And hyaluronidase SD-678 is stabilized by the addition of bovine serum albumin or gelatin.

h) Molecular weight The molecular weight of hyaluronidase SD-678 was measured by the gel filtration method using Sephaacrylic S-200.

The molecular weight of hyaluronidase SD-678 by gel filtration was 12
It is 5,000 ± 10,000.

i) Mobility by electrophoresis Crystal structure analysis and elemental analysis were performed using hyaluronidase SD.
-678 cannot be performed because it is not crystallized. Therefore, the mobility of hyaluronidase SD-678 by electrophoresis was measured.

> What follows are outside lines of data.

lemma ptrans_combination:
  "ptrans m n (mat (m * n) (m * n) (\<lambda>ij. \<Sum>l<K. c l * \<sigma> l $$ ij)) =
   mat (m * n) (m * n) (\<lambda>ij. \<Sum>l<K. c l * ptrans m n (\<sigma> l) $$ ij)"
proof (rule eq_matI)
  fix i j assume "i < dim_row (mat (m * n) (m * n) (\<lambda>ij. \<Sum>l<K. c l * ptrans m n (\<sigma> l) $$ ij))"
    "j < dim_col (mat (m * n) (m * n) (\<lambda>ij. \<Sum>l<K. c l * ptrans m n (\<sigma> l) $$ ij))"
  then have ij: "i < m * n" "j < m * n"
    by simp_all
  then have "n > 0"
    by (cases n) auto
  have "i div n < m" "j div n < m"
    using ij by (simp_all add: less_mult_imp_div_less)
  then show "ptrans m n (mat (m * n) (m * n) (\<lambda>ij. \<Sum>l<K. c l * \<sigma> l $$ ij)) $$ (i, j) =
      mat (m * n) (m * n) (\<lambda>ij. \<Sum>l<K. c l * ptrans m n (\<sigma> l) $$ ij) $$ (i, j)"
    using ij \<open>n > 0\<close> by (simp add: ptrans_def mult_add_less_mult)
qed (simp_all add: ptrans_def)

lemma mult_mat_combination:
  fixes M :: "'a::comm_semiring_0 mat"
  assumes "M \<in> carrier_mat N N" and "\<And>l. l < K \<Longrightarrow> \<sigma> l \<in> carrier_mat N N"
  shows "M * mat N N (\<lambda>ij. \<Sum>l<K. c l * \<sigma> l $$ ij) = mat N N (\<lambda>ij. \<Sum>l<K. c l * (M * \<sigma> l) $$ ij)"
proof (rule eq_matI)
  fix i j assume "i < dim_row (mat N N (\<lambda>ij. \<Sum>l<K. c l * (M * \<sigma> l) $$ ij))"
    "j < dim_col (mat N N (\<lambda>ij. \<Sum>l<K. c l * (M * \<sigma> l) $$ ij))"
  then have ij: "i < N" "j < N"
    by simp_all
  have "(M * mat N N (\<lambda>ij. \<Sum>l<K. c l * \<sigma> l $$ ij)) $$ (i, j) =
      (\<Sum>k<N. M $$ (i, k) * (\<Sum>l<K. c l * \<sigma> l $$ (k, j)))"
    using assms(1) ij by (simp add: scalar_prod_def atLeast0LessThan)
  also have "\<dots> = (\<Sum>l<K. c l * (\<Sum>k<N. M $$ (i, k) * \<sigma> l $$ (k, j)))"
    unfolding sum_distrib_left by (subst sum.swap) (simp add: ac_simps)
  also have "\<dots> = (\<Sum>l<K. c l * (M * \<sigma> l) $$ (i, j))"
    using index_mult_mat_lessThan[OF assms(1) assms(2) ij] by (intro sum.cong refl) simp
  finally show "(M * mat N N (\<lambda>ij. \<Sum>l<K. c l * \<sigma> l $$ ij)) $$ (i, j) =
      mat N N (\<lambda>ij. \<Sum>l<K. c l * (M * \<sigma> l) $$ ij) $$ (i, j)"
    using ij by simp
qed (use assms(1) in simp_all)

lemma conj_mat_mult_transpose:
  assumes "U \<in> carrier_mat k k" "R \<in> carrier_mat k k"
  shows "conj_mat U * transpose_mat R = transpose_mat (R * adj U)"
  using assms adj_carrier_mat[OF assms(1)] by (simp add: transpose_mult adj_def)
definition inf_emitter :: "('e \<Rightarrow> 'v) \<Rightarrow> 'v \<Rightarrow> bool" where
  "inf_emitter src v \<longleftrightarrow> infinite {e. src e = v}"

definition bpaths :: "('e \<Rightarrow> 'v) \<Rightarrow> ('e \<Rightarrow> 'v) \<Rightarrow> ('v, 'e) gpath set" where
  "bpaths src rng = infpaths src rng
     \<union> {\<mu> \<in> finpaths src rng. sink src (grng rng \<mu>)}
     \<union> {\<mu> \<in> finpaths src rng. inf_emitter src (grng rng \<mu>)}"

fun gcat :: "('v, 'e) gpath \<Rightarrow> ('v, 'e) gpath \<Rightarrow> ('v, 'e) gpath" where
  "gcat (Fin v es) (Fin w fs) = Fin v (es @ fs)"
| "gcat (Fin v es) (Inf f) = Inf (\<lambda>i. if i < length es then es ! i else f (i - length es))"
| "gcat (Inf f) _ = Inf f"

definition graph_groupoid ::
  "('e \<Rightarrow> 'v) \<Rightarrow> ('e \<Rightarrow> 'v) \<Rightarrow> (('v, 'e) gpath \<times> int \<times> ('v, 'e) gpath) set" where
  "graph_groupoid src rng =
     {(gcat \<alpha> x, int (glen \<alpha>) - int (glen \<beta>), gcat \<beta> x) | \<alpha> \<beta> x.
        \<alpha> \<in> finpaths src rng \<and> \<beta> \<in> finpaths src rng \<and> x \<in> bpaths src rng \<and>
        grng rng \<alpha> = gsrc src x \<and> grng rng \<beta> = gsrc src x}"

definition cyl :: "('e \<Rightarrow> 'v) \<Rightarrow> ('e \<Rightarrow> 'v) \<Rightarrow> ('v, 'e) gpath \<Rightarrow> ('v, 'e) gpath set" where
  "cyl src rng \<mu> = {gcat \<mu> x | x. x \<in> bpaths src rng \<and> gsrc src x = grng rng \<mu>}"

fun gsnoc :: "('v, 'e) gpath \<Rightarrow> 'e \<Rightarrow> ('v, 'e) gpath" where
  "gsnoc (Fin v es) e = Fin v (es @ [e])"
| "gsnoc (Inf f) e = Inf f"
text \<open>Outflow rows can be expanded away together with the columns of their species.\<close>

lemma orientation_append_outflows:
  assumes "distinct T" "set T \<subseteq> set sp" "distinct sp" "length sp = length rs + length T"
  shows "orientation sp (rs @ map outflow T) = orientation (filter (\<lambda>x. x \<notin> set T) sp) rs"
  using assms
proof (induction T arbitrary: sp)
  case (Cons t T)
  let ?n = "length sp" and ?rs = "rs @ outflow t # map outflow T" and ?k = "length rs"
  obtain c where c: "c < ?n" "sp ! c = t"
    using Cons.prems(2) by (metis in_set_conv_nth list.set_intros(1) subsetD)
  have k: "?k < ?n" using Cons.prems(4) by simp
  have row: "fst (?rs ! ?k) (sp ! b) = (if b = c then 1 else 0)" "snd (?rs ! ?k) (sp ! b) = 0"
    if "b < ?n" for b
    using that c Cons.prems(3) nth_eq_iff_index_eq
    by (auto simp: outflow_def unit_cplx_def zero_cplx_def)
  have "orientation sp ?rs = orientation (delete_nth c sp) (delete_nth ?k ?rs)"
    using orientation_expand[OF refl _ k c(1)] Cons.prems(4) c(1) row by simp
  also have "\<dots> = orientation (filter (\<lambda>x. x \<noteq> t) sp) (rs @ map outflow T)"
    using c by (simp add: delete_nth_append delete_nth_distinct_filter[OF Cons.prems(3)])
  also have "\<dots> = orientation (filter (\<lambda>x. x \<notin> set T) (filter (\<lambda>x. x \<noteq> t) sp)) rs"
  proof (rule Cons.IH)
    have "length (filter (\<lambda>x. x \<noteq> t) sp) = ?n - 1"
      using c delete_nth_distinct_filter[OF Cons.prems(3) c(1)] length_delete_nth[OF c(1)] by simp
    then show "length (filter (\<lambda>x. x \<noteq> t) sp) = length rs + length T"
      using Cons.prems(4) by simp
  qed (use Cons.prems in auto)
  finally show ?case by (simp add: filter_filter conj_commute)
qed simp

lemma jacobian_implies_embedded:
  assumes C: "CFSTR s R" and J: "jacobian_criterion s R"
    and D: "sq_embedded_data s (nonflow_subnetwork R) S rs"
  shows "0 \<le> emb_orientation S rs"
proof -
  have S: "S \<subseteq> {..<s}" and dr: "distinct rs" and rG: "set rs \<subseteq> nonflow_subnetwork R"
    and lr: "length rs = card S" using D unfolding sq_embedded_data_def by auto
  define T where "T = filter (\<lambda>i. i \<notin> S) [0..<s]"
  define full where "full = rs @ map outflow T"
  have fS: "finite S" using S finite_subset by blast
  have sorted_S: "filter (\<lambda>i. i \<in> S) [0..<s] = sorted_list_of_set S"
  proof -
    have "set (filter (\<lambda>i. i \<in> S) [0..<s]) = S" using S by auto
    then show ?thesis
      by (metis distinct_filter distinct_upt sorted_filter[where f = id, simplified] sorted_upt
          sorted_list_of_set.idem_if_sorted_distinct)
  qed
  have len: "length rs + length T = s"
    using sum_length_filter_compl[of "\<lambda>i. i \<in> S" "[0..<s]"] sorted_S lr fS
    unfolding T_def by simp
  have nonflow: "\<not> is_flow r" if "r \<in> set rs" for r
    using that rG unfolding nonflow_subnetwork_def by auto
  have "inj_on outflow (set T)"
    by (rule inj_onI) (auto simp: outflow_def unit_cplx_def fun_eq_iff split: if_splits)
  then have "distinct full"
    using dr nonflow unfolding full_def T_def is_flow_def is_outflow_def outflow_def
    by (auto simp: distinct_map)
  moreover have "set full \<subseteq> R"
    using rG C unfolding full_def T_def CFSTR_def nonflow_subnetwork_def outflow_def by auto
  moreover have "\<forall>r\<in>set full. \<not> is_inflow r"
    using nonflow unit_cplx_ne_zero unfolding full_def is_flow_def is_inflow_def outflow_def by auto
  ultimately have "0 \<le> orientation [0..<s] full"
    using J len unfolding jacobian_criterion_def full_def by auto
  moreover have "orientation [0..<s] full = orientation (filter (\<lambda>x. x \<notin> set T) [0..<s]) rs"
    unfolding full_def by (rule orientation_append_outflows) (use len in \<open>auto simp: T_def\<close>)
  moreover have "filter (\<lambda>x. x \<notin> set T) [0..<s] = sorted_list_of_set S"
    unfolding sorted_S[symmetric] T_def by (rule filter_cong) auto
  ultimately show ?thesis using emb_orientation_sorted[OF fS] by simp
qed

lemma embedded_implies_jacobian:
  assumes H: "\<forall>S rs. sq_embedded_data s (nonflow_subnetwork R) S rs \<longrightarrow> 0 \<le> emb_orientation S rs"
  shows "jacobian_criterion s R"
proof -
  let ?R = "{r \<in> R. \<not> is_inflow r}"
  have step: "0 \<le> orientation sp rs \<or> sign_reducible sp rs"
    if Q: "square_subnetwork s ?R sp rs" for sp rs
  proof (cases "\<exists>r\<in>set rs. is_outflow r")
    case True
    then obtain k where k: "k < length rs" "is_outflow (rs!k)" by (metis in_set_conv_nth)
    have "is_mono_degradation (rs!k)" using k(2) by (rule outflow_is_mono_degradation)
    moreover have "length sp = length rs" "distinct sp" using Q unfolding square_subnetwork_def by auto
    ultimately have "sign_reducible sp rs" using degradation_reducible[OF _ refl _ k(1)] by blast
    then show ?thesis ..
  next
    case False
    then have "set rs \<subseteq> nonflow_subnetwork R"
      using Q unfolding square_subnetwork_def nonflow_subnetwork_def is_flow_def by auto
    then have "square_subnetwork s (nonflow_subnetwork R) sp rs"
      using Q unfolding square_subnetwork_def by auto
    then have sp: "sorted sp" "distinct sp" and "sq_embedded_data s (nonflow_subnetwork R) (set sp) rs"
      unfolding square_subnetwork_iff_embedded by auto
    then have "0 \<le> emb_orientation (set sp) rs" using H by blast
    then show ?thesis using orientation_sorted_set[OF sp] by simp
  qed
  show ?thesis unfolding jacobian_criterion_def
  proof (intro allI impI)
    fix rs assume "distinct rs \<and> length rs = s \<and> set rs \<subseteq> R \<and> (\<forall>r\<in>set rs. \<not> is_inflow r)"
    then have "square_subnetwork s ?R [0..<s] rs" unfolding square_subnetwork_def by auto
    then show "0 \<le> orientation [0..<s] rs"
      using orientation_nonneg_by_reduction[where Q = "square_subnetwork s ?R", OF square_subnetwork_minor step]
      by blast
  qed
qed
(* For a monomial m in the polarized variables x_(v,l) let y = dual_depol a m, where a is the lcm
   exponent of I: y_v is a_v + 1 minus the least l such that x_(v,l) divides m. The minimal
   generators of the dual are the x^(b^a) for b in Irr(I); their polarizations are squarefree, and
   the Alexander dual of a squarefree ideal consists of the monomials whose support meets every
   generator. Now m meets the support of x^(b^a)(pol) iff b_v <= y_v for some v with b_v >= 1, so
   m lies in the double dual iff y lies in the intersection of the m^b, which is I.
   For I = I(D_G) the lcm exponent is the weight on every vertex of an edge (sources have weight 1),
   and y lies in I(D_G) iff some edge (x_i, x_j) has y_i >= 1 and y_j >= w(j), i.e. iff m is
   divisible by x_(i,l) x_(j,1) for some l <= w(i), a generator of I(G^D). *)

subsection \<open>Divisibility, least common multiples and minimal generators\<close>

lemma mdvd_refl [simp]: "mdvd m m"
  by (simp add: mdvd_def)

lemma mdvd_trans: "mdvd a b \<Longrightarrow> mdvd b c \<Longrightarrow> mdvd a c"
  unfolding mdvd_def by (auto intro: le_trans)

lemma mdvd_antisym: "mdvd a b \<Longrightarrow> mdvd b a \<Longrightarrow> a = b"
  unfolding mdvd_def by (rule ext) (meson antisym)

lemma mdvd_monoms:
  assumes "mdvd g m" "m \<in> monoms"
  shows "g \<in> monoms"
proof -
  have "{v. g v \<noteq> 0} \<subseteq> {v. m v \<noteq> 0}"
    using assms(1) unfolding mdvd_def by (metis (mono_tags) Collect_mono le_zero_eq)
  with assms(2) show ?thesis
    unfolding monoms_def mem_Collect_eq by (rule finite_subset[rotated])
qed

lemma mono_ideal_subset_monoms: "mono_ideal G \<subseteq> monoms"
  by (auto simp: mono_ideal_def)

lemma generator_in_mono_ideal: "G \<subseteq> monoms \<Longrightarrow> g \<in> G \<Longrightarrow> g \<in> mono_ideal G"
  unfolding mono_ideal_def by (blast intro: mdvd_refl)

lemma finite_divisors:
  assumes "a \<in> monoms"
  shows "finite {b. mdvd b a}"
proof -
  let ?A = "{v. a v \<noteq> 0}"
  let ?B = "\<Union>v\<in>?A. {0..a v}"
  have fin: "finite ?A" "finite ?B"
    using assms by (simp_all add: monoms_def)
  have "{b. mdvd b a} \<subseteq> {f. \<forall>x. (x \<in> ?A \<longrightarrow> f x \<in> ?B) \<and> (x \<notin> ?A \<longrightarrow> f x = 0)}"
  proof
    fix b assume "b \<in> {b. mdvd b a}"
    then have le: "b x \<le> a x" for x
      by (simp add: mdvd_def)
    have "b x \<in> ?B" if "x \<in> ?A" for x
      using le[of x] that by auto
    moreover have "b x = 0" if "x \<notin> ?A" for x
      using le[of x] that by simp
    ultimately show "b \<in> {f. \<forall>x. (x \<in> ?A \<longrightarrow> f x \<in> ?B) \<and> (x \<notin> ?A \<longrightarrow> f x = 0)}"
      by blast
  qed
  then show ?thesis
    using finite_set_of_finite_funs[OF fin] by (rule finite_subset)
qed

definition mlcm :: "('v \<Rightarrow> nat) set \<Rightarrow> ('v \<Rightarrow> nat)" where
  "mlcm G = (\<lambda>v. Max (insert 0 ((\<lambda>g. g v) ` G)))"

lemma lcm_exp_eq_mlcm: "lcm_exp I = mlcm (mingens I)"
  by (simp add: lcm_exp_def mlcm_def)

lemma mdvd_mlcm: "finite G \<Longrightarrow> g \<in> G \<Longrightarrow> mdvd g (mlcm G)"
  unfolding mdvd_def mlcm_def by (auto intro: Max_ge)

lemma mlcm_attained:
  assumes "finite G" "mlcm G v \<noteq> 0"
  obtains g where "g \<in> G" "mlcm G v = g v"
proof -
  have "mlcm G v \<in> insert 0 ((\<lambda>g. g v) ` G)"
    unfolding mlcm_def using assms(1) by (intro Max_in) auto
  with assms(2) that show ?thesis by auto
qed

lemma mlcm_monoms:
  assumes "finite G" "G \<subseteq> monoms"
  shows "mlcm G \<in> monoms"
proof -
  have "{v. mlcm G v \<noteq> 0} \<subseteq> (\<Union>g\<in>G. {v. g v \<noteq> 0})"
  proof
    fix v assume "v \<in> {v. mlcm G v \<noteq> 0}"
    then obtain g where "g \<in> G" "mlcm G v = g v" "mlcm G v \<noteq> 0"
      using mlcm_attained[OF assms(1)] by blast
    then show "v \<in> (\<Union>g\<in>G. {v. g v \<noteq> 0})" by auto
  qed
  moreover have "finite (\<Union>g\<in>G. {v. g v \<noteq> 0})"
    using assms by (auto simp: monoms_def)
  ultimately show ?thesis
    unfolding monoms_def mem_Collect_eq by (rule finite_subset)
qed

lemma mlcm_eqI:
  assumes "finite G" "\<And>g. g \<in> G \<Longrightarrow> g v \<le> c" "g \<in> G" "g v = c"
  shows "mlcm G v = c"
  unfolding mlcm_def using assms by (intro Max_eqI) auto

lemma ex_mingens_mdvd:
  assumes "I \<subseteq> monoms" "m \<in> I"
  obtains g where "g \<in> mingens I" "mdvd g m"
proof -
  define deg where "deg h = (\<Sum>v\<in>{v. m v \<noteq> 0}. h v)" for h :: "'a \<Rightarrow> nat"
  have fin: "finite {v. m v \<noteq> 0}"
    using assms monoms_def by auto
  obtain h where h: "h \<in> I" "mdvd h m"
    and h_least: "\<And>h'. h' \<in> I \<Longrightarrow> mdvd h' m \<Longrightarrow> deg h \<le> deg h'"
    using ex_has_least_nat[of "\<lambda>h. h \<in> I \<and> mdvd h m" m deg] assms(2) by auto
  have "h' = h" if h': "h' \<in> I" "mdvd h' h" for h'
  proof (rule ccontr)
    assume "h' \<noteq> h"
    then obtain v where v: "h' v < h v"
      using h'(2) mdvd_antisym[of h' h] by (auto simp: mdvd_def not_le) (metis le_neq_implies_less)
    then have "m v \<noteq> 0"
      using h(2) v unfolding mdvd_def by (metis le_zero_eq not_less_zero)
    then have "deg h' < deg h"
      unfolding deg_def using sum_strict_mono_ex1[OF fin, of h' h] h'(2) v by (auto simp: mdvd_def)
    moreover have "deg h \<le> deg h'"
      using h_least h' mdvd_trans h(2) by blast
    ultimately show False by simp
  qed
  then have "h \<in> mingens I"
    using h(1) by (auto simp: mingens_def)
  with h(2) that show ?thesis by blast
qed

Cellulose acetate membrane as a support, 0.05M Tris-maleic acid buffer solution (pH 6.0), 0.5mA / cm at 30
Electrophoresis of hyaluronidase SD-678 is performed by energizing for minutes, and the mobility of bovine serum albumin migrated to the anode side is +
When set to 1.0, the mobility of hyaluronidase SD-678 is +
It is 0.3.

The microorganisms used in the present invention include Streptococcus
Any strain may be used as long as it is a strain belonging to Disgalactier. Examples of such strains include those that have been deposited at the Institute of Medical Science, University of Tokyo as IID678.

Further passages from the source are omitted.